Your dress is great! I’m pretty sure that I didn’t have this drafting issue (I’ve made the Belladone twice). With the invisible zip, I inserted it starting about 5cm down from the top seam which looks a bit neater. Perhaps it makes the dress a bit trickier to get in and out of but it’s not been a big problem http://funkbunnysgarden.blogspot.com.au/2013/09/tiger-print-belladone-frocktails-dress.html
Wow thanks for all the details! I love the design on the back. It is a very unique dress.
what a lovely dress, worth the trouble I hope, you look great in it and love the group photo, you all look cool!
That dress is lovely and I am sure my daughter would like it. Thanks for pointing out the problems you had with the pattern – I will be sure to check those if I make it.
I had to go back and re-read this because I was so awed by your self-made bias tape. I have been sewing off and on for over 50 years but only recently learned to make my own bias tape, so reading you had some just lying about was inspiring and, well, awesome.
Your dress is adorable, looks fab on you, and I’m not surprised about the drafting error. Back when I first learned to sew, commercial patterns were reliable – know your measurements-choose a pattern-sew and go. But since the late 90s that’s changed, I haven’t been able to sew any pattern from any commercial maker without first doing a muslin to make adjustments and corrections – even the most simple, marked as ‘learn to sew’ patterns. Very annoying and time consuming but heigh ho, we budget the time and get on with it:)

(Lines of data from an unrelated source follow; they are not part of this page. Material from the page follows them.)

text \<open>The integrand is nonnegative by AM-GM, so the identity for its integral contains
  Jensen's inequality \<open>\<langle>u\<rangle>\<^sub>B \<langle>u\<^sup>-\<^sup>1\<rangle>\<^sub>B \<ge> 1\<close>.\<close>
lemma avg_deviation:
  assumes B: "0 < measure lborel B"
    and u: "set_integrable lborel B u" "set_integrable lborel B (\<lambda>x. 1 / u x)"
    and pos: "AE x in lborel. x \<in> B \<longrightarrow> 0 < u x"
  defines "P \<equiv> avg B u"
  shows "(\<lambda>x. ennreal \<bar>u x / P + P / u x - 2\<bar> * indicator B x) \<in> borel_measurable lborel"
    and "(\<integral>\<^sup>+x\<in>B. ennreal \<bar>u x / P + P / u x - 2\<bar> \<partial>lborel)
           = ennreal (measure lborel B * (P * avg B (\<lambda>x. 1 / u x) - 1))"
    and "1 \<le> P * avg B (\<lambda>x. 1 / u x)"
proof -
  define w where "w x = u x / P + P * (1 / u x) - 2" for x
  note B_sets = measure_pos_imp_finite_sets[OF B]
  have P: "0 < P"
    unfolding P_def using B u(1) pos by (rule avg_pos)
  have const: "set_integrable lborel B (\<lambda>_. c)" for c :: real
    using B_sets by (simp add: set_integrable_def less_top integrable_real_indicator)
  have iu: "set_integrable lborel B (\<lambda>x. u x / P)" and iv: "set_integrable lborel B (\<lambda>x. P * (1 / u x))"
    using u by (auto intro: set_integrable_mult_right simp del: times_divide_eq_right)
  have w_int: "set_integrable lborel B w"
    unfolding w_def using iu iv const by (intro set_integral_diff(1) set_integral_add(1))
  have int_u: "(LINT x:B|lborel. u x) = measure lborel B * P"
    using B by (simp add: P_def avg_def)
  have int_v: "(LINT x:B|lborel. 1 / u x) = measure lborel B * avg B (\<lambda>x. 1 / u x)"
    using B by (simp add: avg_def)
  have "(LINT x:B|lborel. w x)
      = (LINT x:B|lborel. u x) / P + P * (LINT x:B|lborel. 1 / u x) - measure lborel B * 2"
    unfolding w_def set_integral_diff(2)[OF set_integral_add(1)[OF iu iv] const]
      set_integral_add(2)[OF iu iv]
    by (simp add: set_integral_const[OF B_sets] del: times_divide_eq_right)
  also have "\<dots> = measure lborel B * (P * avg B (\<lambda>x. 1 / u x) - 1)"
    unfolding int_u int_v using P by (simp add: algebra_simps)
  finally have "(LINT x:B|lborel. w x) = measure lborel B * (P * avg B (\<lambda>x. 1 / u x) - 1)" .
  moreover have w_nonneg: "AE x in lborel. 0 \<le> indicator B x * w x"
    using pos
  proof eventually_elim
    case (elim x)
    then show ?case
      using add_divide_sym_ge_2[of "u x" P] P by (auto simp: w_def indicator_def)
  qed
  moreover have w_int': "integrable lborel (\<lambda>x. indicator B x * w x)"
    using w_int by (simp add: set_integrable_def)
  ultimately have eq: "(\<integral>\<^sup>+x. ennreal (indicator B x * w x) \<partial>lborel)
      = ennreal (measure lborel B * (P * avg B (\<lambda>x. 1 / u x) - 1))"
    and ge: "0 \<le> measure lborel B * (P * avg B (\<lambda>x. 1 / u x) - 1)"
    using nn_integral_eq_integral[OF w_int' w_nonneg] integral_nonneg_AE[OF w_nonneg]
    by (simp_all add: set_lebesgue_integral_def)
  have pointwise: "ennreal \<bar>u x / P + P / u x - 2\<bar> * indicator B x = ennreal \<bar>indicator B x * w x\<bar>" for x
    by (simp add: w_def indicator_def)
  show "(\<lambda>x. ennreal \<bar>u x / P + P / u x - 2\<bar> * indicator B x) \<in> borel_measurable lborel"
    unfolding pointwise using borel_measurable_integrable[OF w_int'] by measurable
  have "(\<integral>\<^sup>+x\<in>B. ennreal \<bar>u x / P + P / u x - 2\<bar> \<partial>lborel)
      = (\<integral>\<^sup>+x. ennreal (indicator B x * w x) \<partial>lborel)"
    unfolding pointwise using w_nonneg by (intro nn_integral_cong_AE) auto
  with eq show "(\<integral>\<^sup>+x\<in>B. ennreal \<bar>u x / P + P / u x - 2\<bar> \<partial>lborel)
           = ennreal (measure lborel B * (P * avg B (\<lambda>x. 1 / u x) - 1))" by simp
  show "1 \<le> P * avg B (\<lambda>x. 1 / u x)"
    using ge B by (simp add: zero_le_mult_iff)
qed
(* Consider the algorithm (Algorithm 3 of the paper) which, for any noise-free protocol of transcript length $L$ and any unknown number $T$ of adversarial bit flips, succeeds with high probability and, when successful, sends $L' = L + O\left(\sqrt{L(T+1)\log L} + T\right)$ bits. If the adversary flips $T = O(L)$ bits and the noise rate is $\epsilon = T/L'$, then this algorithm achieves a communication rate $L/L'$ of at least $1-O\left(\sqrt{\frac{\log L}{L}} + \sqrt{\epsilon \log L}\right)$.
   Context: Setting: Alice and Bob simulate a two-party protocol with transcript length $L$ (known to both) over a synchronous binary channel on which an adversary, who does not see the transmitted bits or the parties' private randomness, flips $T$ bits in total, with $T$ unknown to the parties. $L'$ denotes the total number of bits sent by the simulating algorithm; the communication rate is $L/L'$ and the (effective) noise rate is $\epsilon = T/L'$. *)

theory Defs
  imports Complex_Main
begin

definition comm_rate :: "nat \<Rightarrow> nat \<Rightarrow> real" where
  "comm_rate L L' = real L / real L'"

definition noise_rate :: "nat \<Rightarrow> nat \<Rightarrow> real" where
  "noise_rate T L' = real T / real L'"

end

theory Submission
  imports Defs
begin

text \<open>If \<open>L' \<le> L\<close> the rate is at least 1. Otherwise \<open>L \<le> L'\<close>, and once
  \<open>ln L \<ge> 1\<close> each of the three overhead terms \<open>\<surd>(L ln L)\<close>, \<open>\<surd>(L T ln L)\<close> and \<open>T\<close> is at most
  \<open>L'\<close> times \<open>\<surd>(ln L / L)\<close> or \<open>\<surd>(\<epsilon> ln L)\<close> (using \<open>T \<le> L'\<close> for the last two). Hence
  \<open>L' - L \<le> 2C L' (\<surd>(ln L / L) + \<surd>(\<epsilon> ln L))\<close>; divide by \<open>L'\<close>.\<close>

lemma sqrt_mult_eq_mult_sqrt_divide:
  fixes m y :: real
  assumes "0 < m" and "0 \<le> y"
  shows "sqrt (m * y) = m * sqrt (y / m)"
proof -
  have "sqrt (m * y) = sqrt (m\<^sup>2 * (y / m))"
    using assms by (simp add: power2_eq_square)
  also have "\<dots> = m * sqrt (y / m)"
    using assms by (subst real_sqrt_mult) simp
  finally show ?thesis .
qed

lemma overhead_le_sqrt_rates:
  fixes l l' t x :: real
  assumes "0 < l" and "l \<le> l'" and "0 \<le> t" and "t \<le> l'" and "1 \<le> x"
  shows "sqrt (l * (t + 1) * x) + t \<le> 2 * l' * (sqrt (x / l) + sqrt (t / l' * x))"
proof -
  have l': "0 < l'" using assms by linarith
  have B: "sqrt (l' * (t * x)) = l' * sqrt (t / l' * x)"
    using sqrt_mult_eq_mult_sqrt_divide[OF l', of "t * x"] assms by simp
  have "sqrt (l * (t + 1) * x) \<le> sqrt (l * x) + sqrt (l * (t * x))"
    using sqrt_add_le_add_sqrt[of "l * x" "l * (t * x)"] assms
    by (simp add: algebra_simps)
  moreover have "sqrt (l * x) \<le> l' * sqrt (x / l)"
    using sqrt_mult_eq_mult_sqrt_divide[of l x] assms by (simp add: mult_right_mono)
  moreover have "sqrt (l * (t * x)) \<le> l' * sqrt (t / l' * x)"
    unfolding B[symmetric] using assms by (intro real_sqrt_le_mono mult_right_mono) auto
  moreover have "t \<le> l' * sqrt (t / l' * x)"
  proof -
    have "t * t \<le> l' * (t * x)"
      using assms by (intro mult_mono) (auto simp: mult_le_cancel_left1 order.trans[OF _ \<open>1 \<le> x\<close>])
    then have "sqrt (t * t) \<le> sqrt (l' * (t * x))"
      by (rule real_sqrt_le_mono)
    then show ?thesis using assms B by simp
  qed
  moreover have "0 \<le> l' * sqrt (x / l)"
    using assms l' by simp
  ultimately show ?thesis by (simp add: algebra_simps)
qed

lemma rate_ge_of_overhead_le:
  fixes C l l' t x :: real
  assumes "0 \<le> C" and "0 < l" and "0 < l'" and "0 \<le> t" and "t \<le> l'" and "1 \<le> x"
    and "l' \<le> l + C * (sqrt (l * (t + 1) * x) + t)"
  shows "1 - 2 * C * (sqrt (x / l) + sqrt (t / l' * x)) \<le> l / l'"
proof (cases "l' \<le> l")
  case True
  then have "1 \<le> l / l'" using assms by simp
  moreover have "0 \<le> 2 * C * (sqrt (x / l) + sqrt (t / l' * x))"
    using assms by simp
  ultimately show ?thesis by linarith
next
  case False
  have "l' - l \<le> C * (sqrt (l * (t + 1) * x) + t)"
    using assms(7) by linarith
  also have "\<dots> \<le> C * (2 * l' * (sqrt (x / l) + sqrt (t / l' * x)))"
    using overhead_le_sqrt_rates[of l l' t x] assms False by (intro mult_left_mono) auto
  finally have "(l' - l) / l' \<le> 2 * C * (sqrt (x / l) + sqrt (t / l' * x))"
    using assms by (simp add: divide_le_eq algebra_simps)
  then show ?thesis using assms by (simp add: diff_divide_distrib)
qed

lemma one_le_ln_of_nat:
  fixes L :: nat
  assumes "3 \<le> L"
  shows "1 \<le> ln (real L)"
proof -
  have "exp 1 \<le> real L" using exp_le assms by linarith
  then show ?thesis using assms by (subst ln_ge_iff) auto
qed

theorem theorem7:
  fixes C c :: real
  assumes "C > 0" and "c > 0"
  shows "\<exists>C' > 0. \<exists>L0::nat. \<forall>L T L' :: nat.
           L \<ge> L0 \<and> 0 < L' \<and> T \<le> L' \<and> real T \<le> c * real L \<and>
           real L' \<le> real L + C * (sqrt (real L * (real T + 1) * ln (real L)) + real T)
           \<longrightarrow> comm_rate L L' \<ge>
               1 - C' * (sqrt (ln (real L) / real L) + sqrt (noise_rate T L' * ln (real L)))"
proof (intro exI[of _ "2 * C"] conjI exI[of _ 3] allI impI)
  fix L T L' :: nat
  assume "3 \<le> L \<and> 0 < L' \<and> T \<le> L' \<and> real T \<le> c * real L \<and>
    real L' \<le> real L + C * (sqrt (real L * (real T + 1) * ln (real L)) + real T)"
  then show "comm_rate L L' \<ge>
      1 - 2 * C * (sqrt (ln (real L) / real L) + sqrt (noise_rate T L' * ln (real L)))"
    using rate_ge_of_overhead_le[of C "real L" "real L'" "real T" "ln (real L)"]
      one_le_ln_of_nat assms
    unfolding comm_rate_def noise_rate_def by auto
qed (use assms in simp)

end
lemma power_complement: "x ^ s * x ^ ((q - 1) * s) = (x ^ q) ^ s" for x :: complex
proof -
  have "s + (q - 1) * s = q * s" using q_pos by (cases q) auto
  then show ?thesis by (metis power_add power_mult)
qed

lemma power_in_base_imp_monomial:
  assumes E: "E \<in> simple_ext" and E_pow: "E ^ q \<in> F"
  shows "\<exists>h\<in>F. \<exists>s. E = h * \<omega> ^ s"
proof (cases "E = 0")
  case True
  then show ?thesis using subfield_zero[OF subfield] by auto
next
  case False
  have "sigma 1 E ^ q = E ^ q" using sigma_power[OF E, of 1 q] sigma_base[OF E_pow, of 1] by simp
  then have "(sigma 1 E / E) ^ q = 1" using False by (simp add: power_divide)
  then obtain s where "sigma 1 E / E = w ^ s"
    using root_of_unity_prime_generates[OF prime w_pow w_ne_1] by metis
  then have sigma_E: "sigma 1 E = w ^ s * E" using False by (simp add: field_simps)
  define Y where "Y = E * \<omega> ^ ((q - 1) * s)"
  have Y_in: "Y \<in> simple_ext" unfolding Y_def
    by (intro simple_ext_mult E simple_ext_power simple_ext_generator)
  have "sigma 1 Y = w ^ s * E * (w * \<omega>) ^ ((q - 1) * s)"
    unfolding Y_def using sigma_E sigma_generator[of 1]
    by (simp add: sigma_mult[OF E simple_ext_power[OF simple_ext_generator]]
        sigma_power[OF simple_ext_generator])
  also have "\<dots> = (w ^ s * w ^ ((q - 1) * s)) * Y"
    unfolding Y_def by (simp add: power_mult_distrib mult_ac)
  also have "\<dots> = Y" unfolding power_complement w_pow by simp
  finally have "Y \<in> F" by (rule sigma_fixed_in_base[OF Y_in])
  have "Y * \<omega> ^ s = E * (\<omega> ^ q) ^ s"
    unfolding Y_def by (simp add: mult.assoc power_complement flip: power_complement[of \<omega> s])
  then have "E = Y / (\<omega> ^ q) ^ s * \<omega> ^ s" using \<omega>_nonzero by (simp add: field_simps)
  then show ?thesis
    using subfield_divide[OF subfield \<open>Y \<in> F\<close> subfield_power[OF subfield \<omega>_pow_in]] by blast
qed
(* Let $\pi$ be a partition in $\mathbb{C}(3,3)$ having at least one odd part. Then there exists a unique integer $m\ge0$ such that $\pi\in\mathbb{C}_{=}(3,3|m)$.
   Context: A partition $\pi=(\pi_1,\dots,\pi_\ell)$ is a finite non-increasing sequence of positive integers; "$a$ occurs in $\pi$" means $a=\pi_i$ for some $i$. Göllnitz–Gordon marking: $GG(\pi)$ assigns a positive integer (mark) to each part, processing the parts from smallest to largest; $\pi_i$ receives the smallest positive integer different from the marks of all parts $\pi_g$ with $g>i$ and $\pi_i-\pi_g\le 2$, where $\pi_i-\pi_g<2$ is required when $\pi_i$ is odd. An "$r$-marked part $a$" is a part equal to $a$ with mark $r$. $N_i(\pi)$ is the number of parts with mark $i$; $\pi^{(i)}_1\ge\dots\ge\pi^{(i)}_{N_i(\pi)}$ are the parts with mark $i$, with $\pi^{(i)}_0=+\infty$, $\pi^{(i)}_{N_i(\pi)+1}=-\infty$. $\mathbb{C}(k,r)$: partitions with (i) no odd part repeated; (ii) $\pi_i\ge\pi_{i+k-1}+2$ for $1\le i\le\ell-k+1$, strict if $\pi_i$ even; (iii) at most $r-1$ parts $\le 2$. Starting types: for $\pi\in\mathbb{C}(k,r)$ with $N_2=N_2(\pi)\ge1$, let $l$ be the largest integer in $\{0,\dots,N_2\}$ such that no odd part of $\pi$ is $\ge\pi^{(2)}_l$; for $l<i\le N_2$, $\pi^{(2)}_i$ has type $s_{-1}$. For $b=1,\dots,l$ in increasing order, type and auxiliary $\sigma_b$: for $b=1$: Case 1: 1-marked part $\pi^{(2)}_1-1$ exists and $\pi^{(2)}_1+2$ does not occur: type $s_0$, $\sigma_1=\pi^{(2)}_1-1$; Case 2: 1-marked $\pi^{(2)}_1-2$ exists and $\pi^{(2)}_1+2$ does not occur: type $s_1$, $\sigma_1=\pi^{(2)}_1-2$; Case 3: 1-marked $\pi^{(2)}_1+2$ exists: type $s_2$, $\sigma_1=\pi^{(2)}_1+2$; Case 4: 1-marked $\pi^{(2)}_1$ exists: type $s_3$, $\sigma_1=\pi^{(2)}_1$. For $2\le b\le l$: Case 1: 1-marked $\pi^{(2)}_b-1$ exists and, if a 1-marked $\pi^{(2)}_b+2$ exists, $\sigma_{b-1}=\pi^{(2)}_b+2$: type $s_0$, $\sigma_b=\pi^{(2)}_b-1$; Case 2: same with $\pi^{(2)}_b-2$: type $s_1$, $\sigma_b=\pi^{(2)}_b-2$; Case 3: 1-marked $\pi^{(2)}_b+2$ exists and $\sigma_{b-1}\ne\pi^{(2)}_b+2$: type $s_2$, $\sigma_b=\pi^{(2)}_b+2$; Case 4: 1-marked $\pi^{(2)}_b$ exists: type $s_3$, $\sigma_b=\pi^{(2)}_b$. $\mathbb{C}_{=}(k,r|p,t)$ (for $p,t\ge0$): the set of $\pi\in\mathbb{C}(k,r)$ such that (1) the largest odd part of $\pi$ is $2t+1$; (2) the mark of $2t+1$ in $GG(\pi)$ is at most $2$; (3) $\pi^{(2)}_p\ge 2t+2$ and $\pi^{(2)}_{p+1}\le 2t+2$; (4) if there is a 2-marked part $2t+2$ of starting type $s_0$, then $\pi^{(2)}_{p+1}=2t+2$ and there exists $1\le i\le p+1$ with $\pi^{(2)}_i=\pi^{(2)}_{p+1}+4(p-i+1)$ and $\pi^{(2)}_i$ occurring exactly once in $\pi$; (5) if there is a 2-marked part $2t+2$ of starting type $s_2$, then $\pi^{(2)}_p=2t+2$; (6) if $2t+2$ occurs in $\pi$ and there is no 2-marked part $2t+2$, then $\pi^{(2)}_p=2t+4$, it is of starting type $s_3$, and there exists $1\le i\le p$ with $\pi^{(2)}_i=\pi^{(2)}_p+4(p-i)$ such that $\pi^{(2)}_i+2$ does not occur in $\pi$. For $m\ge 0$, $\mathbb{C}_{=}(k,r|m)=\bigcup_{p,t\ge0,\ p+t=m}\mathbb{C}_{=}(k,r|p,t)$. *)

theory Defs
  imports Main "HOL-Library.Extended_Real"
begin

text \<open>A partition is a finite non-increasing list of positive integers;
  list index j (0-based) corresponds to the part \<pi>_{j+1}.\<close>

definition is_partition :: "nat list \<Rightarrow> bool" where
  "is_partition \<pi> \<longleftrightarrow> sorted_wrt (\<ge>) \<pi> \<and> (\<forall>x\<in>set \<pi>. 0 < x)"

text \<open>Goellnitz-Gordon marking, computed from the smallest part (end of the list)
  to the largest.  gg \<pi> ! j is the mark of the part \<pi> ! j.\<close>

fun gg :: "nat list \<Rightarrow> nat list" where
  "gg [] = []"
| "gg (x # xs) =
     (let ms = gg xs;
          bad = {ms ! g | g. g < length xs \<and> int x - int (xs ! g) \<le> 2 \<and>
                              (odd x \<longrightarrow> int x - int (xs ! g) < 2)}
      in (LEAST m. 0 < m \<and> m \<notin> bad) # ms)"

definition marked_parts :: "nat list \<Rightarrow> nat \<Rightarrow> nat list" where
  "marked_parts \<pi> i = [\<pi> ! j. j \<leftarrow> [0..<length \<pi>], gg \<pi> ! j = i]"

definition Nmark :: "nat list \<Rightarrow> nat \<Rightarrow> nat" where
  "Nmark \<pi> i = length (marked_parts \<pi> i)"

text \<open>\<pi>^(i)_j with the conventions \<pi>^(i)_0 = +\<infinity> and \<pi>^(i)_j = -\<infinity> for j > N_i.\<close>
definition pm :: "nat list \<Rightarrow> nat \<Rightarrow> nat \<Rightarrow> ereal" where
  "pm \<pi> i j = (if j = 0 then \<infinity>
               else if j \<le> Nmark \<pi> i then ereal (real (marked_parts \<pi> i ! (j - 1)))
               else -\<infinity>)"

text \<open>\<pi>^(2)_b as a natural number, meaningful for 1 \<le> b \<le> N_2.\<close>
definition P2 :: "nat list \<Rightarrow> nat \<Rightarrow> nat" where
  "P2 \<pi> b = marked_parts \<pi> 2 ! (b - 1)"

definition one_marked :: "nat list \<Rightarrow> nat \<Rightarrow> bool" where
  "one_marked \<pi> a \<longleftrightarrow> (\<exists>j<length \<pi>. \<pi> ! j = a \<and> gg \<pi> ! j = 1)"

definition two_marked :: "nat list \<Rightarrow> nat \<Rightarrow> bool" where
  "two_marked \<pi> a \<longleftrightarrow> (\<exists>j<length \<pi>. \<pi> ! j = a \<and> gg \<pi> ! j = 2)"

definition inC :: "nat \<Rightarrow> nat \<Rightarrow> nat list \<Rightarrow> bool" where
  "inC k r \<pi> \<longleftrightarrow>
     (\<forall>i j. i < length \<pi> \<and> j < length \<pi> \<and> i \<noteq> j \<and> odd (\<pi> ! i) \<longrightarrow> \<pi> ! i \<noteq> \<pi> ! j) \<and>
     (\<forall>i. i + k - 1 < length \<pi> \<longrightarrow>
          \<pi> ! i \<ge> \<pi> ! (i + k - 1) + 2 \<and>
          (even (\<pi> ! i) \<longrightarrow> \<pi> ! i > \<pi> ! (i + k - 1) + 2)) \<and>
     length (filter (\<lambda>x. x \<le> 2) \<pi>) \<le> r - 1"

text \<open>Starting types.  SNone is a default never reached when one of the four cases applies.\<close>
datatype stype = Sm1 | S0 | S1 | S2 | S3 | SNone

text \<open>sdata \<pi> b = (type of \<pi>^(2)_b, \<sigma>_b) computed by the case rules, for b \<ge> 1.\<close>
fun sdata :: "nat list \<Rightarrow> nat \<Rightarrow> stype \<times> nat option" where
  "sdata \<pi> 0 = (SNone, None)"
| "sdata \<pi> (Suc b) =
     (let x = P2 \<pi> (Suc b) in
      if b = 0 then
        (if one_marked \<pi> (x - 1) \<and> x + 2 \<notin> set \<pi> then (S0, Some (x - 1))
         else if one_marked \<pi> (x - 2) \<and> x + 2 \<notin> set \<pi> then (S1, Some (x - 2))
         else if one_marked \<pi> (x + 2) then (S2, Some (x + 2))
         else if one_marked \<pi> x then (S3, Some x)
         else (SNone, None))
      else
        (let \<sigma> = snd (sdata \<pi> b) in
         if one_marked \<pi> (x - 1) \<and> (one_marked \<pi> (x + 2) \<longrightarrow> \<sigma> = Some (x + 2))
           then (S0, Some (x - 1))
         else if one_marked \<pi> (x - 2) \<and> (one_marked \<pi> (x + 2) \<longrightarrow> \<sigma> = Some (x + 2))
           then (S1, Some (x - 2))
         else if one_marked \<pi> (x + 2) \<and> \<sigma> \<noteq> Some (x + 2) then (S2, Some (x + 2))
         else if one_marked \<pi> x then (S3, Some x)
         else (SNone, None)))"

definition lval :: "nat list \<Rightarrow> nat" where
  "lval \<pi> = (GREATEST l. l \<le> Nmark \<pi> 2 \<and>
                (\<forall>y\<in>set \<pi>. odd y \<longrightarrow> ereal (real y) < pm \<pi> 2 l))"

definition start_type :: "nat list \<Rightarrow> nat \<Rightarrow> stype" where
  "start_type \<pi> b = (if b \<le> lval \<pi> then fst (sdata \<pi> b) else Sm1)"

definition has_2marked_of_type :: "nat list \<Rightarrow> nat \<Rightarrow> stype \<Rightarrow> bool" where
  "has_2marked_of_type \<pi> a s \<longleftrightarrow>
     (\<exists>b. 1 \<le> b \<and> b \<le> Nmark \<pi> 2 \<and> P2 \<pi> b = a \<and> start_type \<pi> b = s)"

definition inCeq_pt :: "nat \<Rightarrow> nat \<Rightarrow> nat \<Rightarrow> nat \<Rightarrow> nat list \<Rightarrow> bool" where
  "inCeq_pt k r p t \<pi> \<longleftrightarrow>
     inC k r \<pi> \<and>
     \<comment> \<open>(1)\<close>
     (2*t+1 \<in> set \<pi> \<and> (\<forall>y\<in>set \<pi>. odd y \<longrightarrow> y \<le> 2*t+1)) \<and>
     \<comment> \<open>(2)\<close>
     (\<forall>j<length \<pi>. \<pi> ! j = 2*t+1 \<longrightarrow> gg \<pi> ! j \<le> 2) \<and>
     \<comment> \<open>(3)\<close>
     pm \<pi> 2 p \<ge> ereal (real (2*t+2)) \<and> pm \<pi> 2 (p+1) \<le> ereal (real (2*t+2)) \<and>
     \<comment> \<open>(4)\<close>
     (has_2marked_of_type \<pi> (2*t+2) S0 \<longrightarrow>
        pm \<pi> 2 (p+1) = ereal (real (2*t+2)) \<and>
        (\<exists>i. 1 \<le> i \<and> i \<le> p+1 \<and>
             pm \<pi> 2 i = pm \<pi> 2 (p+1) + ereal (real (4*(p+1-i))) \<and>
             (\<exists>x. pm \<pi> 2 i = ereal (real x) \<and> count_list \<pi> x = 1))) \<and>
     \<comment> \<open>(5)\<close>
     (has_2marked_of_type \<pi> (2*t+2) S2 \<longrightarrow> pm \<pi> 2 p = ereal (real (2*t+2))) \<and>
     \<comment> \<open>(6)\<close>
     (2*t+2 \<in> set \<pi> \<and> \<not> two_marked \<pi> (2*t+2) \<longrightarrow>
        pm \<pi> 2 p = ereal (real (2*t+4)) \<and> start_type \<pi> p = S3 \<and>
        (\<exists>i. 1 \<le> i \<and> i \<le> p \<and>
             pm \<pi> 2 i = pm \<pi> 2 p + ereal (real (4*(p-i))) \<and>
             (\<exists>x. pm \<pi> 2 i = ereal (real x) \<and> x + 2 \<notin> set \<pi>)))"

definition inCeq :: "nat \<Rightarrow> nat \<Rightarrow> nat \<Rightarrow> nat list \<Rightarrow> bool" where
  "inCeq k r m \<pi> \<longleftrightarrow> (\<exists>p t. p + t = m \<and> inCeq_pt k r p t \<pi>)"

end

theory Submission
  imports Defs
begin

I had exactly the same problem with the back neckline, I assumed it was me but perhaps it was an error with the pattern. I also made exactly the same tuck in the list back bodice (now changed on pattern piece), and have the same pulling at the back neckline as you.
Your version us very cute though!
The fabric is adorable and the dress looks so cute. Congrats!
I always create my own patterns and still sometimes you only find out which adjustments need to be made at fitting. It is a bit frustrating to cut and sew over and over again, but it is part of the process of having one-of-a-kind outfits with perfect fit. Please keep sharing your sewing experinces!
Ooh what fun, nice to see a gathering of feline sewists!
Your dress looks lovely! I love the style, the back is really cute and looks especially cute in the kitty fabric. So very interesting about the pattern faults, look forward to knowing if others have had the same issue.